Addendum May 4, 2014:

(11)   CMS: "we do not have any information that supports or refutes claims that a broader adoption of EHRs can save lives."  (But let's spend hundreds of billions of dollars anyway.)



CMS: "we do not have any information that supports or refutes claims that a broader adoption of EHRs can save lives."  [But let's spend hundreds of billions of dollars anyway.]  Click to enlarge.

--------------------------------------------

Note that these ten points themselves, all I had time to write about this morning, themselves represent a "tip of the iceberg" regarding health IT risks.

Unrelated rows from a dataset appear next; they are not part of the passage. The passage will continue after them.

(* Let $k \ge 2$ be an integer. Then for all but finitely many positive integers $N$, there is a connected graph $G$ with $\mathrm{SW}_k(G)=N$.
   Context: For a connected graph $G$ and a subset $S \subset V(G)$, the Steiner distance $d(S)$ is the smallest number of edges in a connected subgraph of $G$ whose vertex set contains $S$. For an integer $k\ge 2$, the Steiner--Wiener $k$ index of $G$ is $\mathrm{SW}_k(G)=\sum_{S \subset V(G),\ |S|=k} d(S)$. *)

theory Defs
  imports Main
begin

definition simple_graph :: "'a set \<Rightarrow> 'a set set \<Rightarrow> bool" where
  "simple_graph V E \<longleftrightarrow> finite V \<and> (\<forall>e\<in>E. e \<subseteq> V \<and> card e = 2)"

definition adj_rel :: "'a set set \<Rightarrow> ('a \<times> 'a) set" where
  "adj_rel E = {(u, v). {u, v} \<in> E}"

definition connected_graph :: "'a set \<Rightarrow> 'a set set \<Rightarrow> bool" where
  "connected_graph W F \<longleftrightarrow> W \<noteq> {} \<and> (\<forall>u\<in>W. \<forall>v\<in>W. (u, v) \<in> (adj_rel F)\<^sup>*)"

definition steiner_dist :: "'a set \<Rightarrow> 'a set set \<Rightarrow> 'a set \<Rightarrow> nat" where
  "steiner_dist V E S = (LEAST m. \<exists>W F. S \<subseteq> W \<and> W \<subseteq> V \<and> F \<subseteq> E \<and>
       (\<forall>e\<in>F. e \<subseteq> W) \<and> connected_graph W F \<and> card F = m)"

definition steiner_wiener :: "nat \<Rightarrow> 'a set \<Rightarrow> 'a set set \<Rightarrow> nat" where
  "steiner_wiener k V E = (\<Sum>S\<in>{S. S \<subseteq> V \<and> card S = k}. steiner_dist V E S)"

end

theory Submission
  imports Defs "HOL.Binomial_Plus"
begin

text \<open>In the star with centre M and leaves 0, ..., M - 1 a k-set has Steiner distance
  k - 1 if it contains the centre and k otherwise, so its Steiner--Wiener index is
  M * C(M, k - 1).  Add the edges {w, v} with r v \<le> w < v, where the intervals
  {r v..v} are nested.  Then the distance of a k-set S drops to k - 1 exactly when
  S \<subseteq> {r (Max S)..Max S}, so the index drops by the sum of C(v - r v, k - 1) over
  v < M.  With M = k * 4^k + b, blocks of k consecutive vertices and intervals
  {k * 4^k..k * 4^k + p} realise every drop up to C(b, k) + 4^k.  These ranges of
  attained values overlap for consecutive large b, since the index of the star grows
  only by O(b^(k-1)) per step.\<close>

lemma connected_graph_parent:
  assumes "connected_graph W F" and "root \<in> W"
  obtains parent and depth :: "'a \<Rightarrow> nat"
  where "\<And>v. v \<in> W - {root} \<Longrightarrow> (v, parent v) \<in> adj_rel F \<and> depth (parent v) < depth v"
proof -
  let ?R = "adj_rel F"
  define depth where "depth v = (LEAST j. (v, root) \<in> ?R ^^ j)" for v
  have depth: "(v, root) \<in> ?R ^^ depth v" if "v \<in> W" for v
  proof -
    from assms that obtain j where "(v, root) \<in> ?R ^^ j"
      unfolding connected_graph_def by (blast dest: rtrancl_imp_relpow)
    then show ?thesis unfolding depth_def by (rule LeastI)
  qed
  have depth_le: "depth v \<le> j" if "(v, root) \<in> ?R ^^ j" for v j
    unfolding depth_def using that by (rule Least_le)
  have "\<exists>w. (v, w) \<in> ?R \<and> depth w < depth v" if v: "v \<in> W - {root}" for v
  proof -
    have "depth v \<noteq> 0"
    proof
      assume "depth v = 0"
      with depth[of v] v show False by simp
    qed
    then obtain j where j: "depth v = Suc j"
      using not0_implies_Suc by blast
    with depth[of v] v have "(v, root) \<in> ?R ^^ Suc j" by simp
    then obtain w where "(v, w) \<in> ?R" and "(w, root) \<in> ?R ^^ j"
      by (blast dest: relpow_Suc_D2)
    with depth_le[of w j] j show ?thesis by auto
  qed
  then obtain parent where
    "\<And>v. v \<in> W - {root} \<Longrightarrow> (v, parent v) \<in> ?R \<and> depth (parent v) < depth v"
    by metis
  then show ?thesis by (rule that)
qed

In my opinion it's immensely reckless for FDA to make a statement that "products with health management heath IT functions, includes software for health information and data management, medication management, provider order entry, knowledge management, electronic access to clinical results and most clinical decision support software ... are of sufficiently low risk" so as to not warrant formal regulation that is already in place for other healthcare software sectors.

Fortunately, the public gets to comment via this announcement:

Proposed Risk-Based Regulatory Framework and Strategy for Health Information Technology Report; Notice to Public of Availability of the Report and Web Site Location; Request for Comments
http://www.regulations.gov/#!documentDetail;D=FDA_FRDOC_0001-4678

I feel, however, that the decision is a given, and that the health IT industry has such regulatory capture that public comments will be ignored.  (Not that I won't try.)

Finally:

I ponder what ever happened to the inquiry responses about health IT defects and harm sought by the Senate Finance Committee, as reported in the Washington Post:

Electronic medical records draw frequent criticisms
By Alexi Mostrous
Washington Post Staff Writer
Sunday, October 25, 2009

http://www.washingtonpost.com/wp-dyn/content/article/2009/10/24/AR2009102400967.html?hpid%3Dtopnews&sub=AR

... the Senate Finance Committee has amassed a thick file of testimony alleging serious computer flaws from doctors, patients and engineers unhappy with current systems.

On Oct. 16, the panel wrote to 10 major sellers of electronic record systems, demanding to know, for example, what steps they had taken to safeguard patients. "Every accountability measure ought to be used to track the stimulus money invested in health information technology," said Sen. Charles E. Grassley (Iowa), the panel's ranking Republican.

The results of that request seem to have gone to the recycle bin.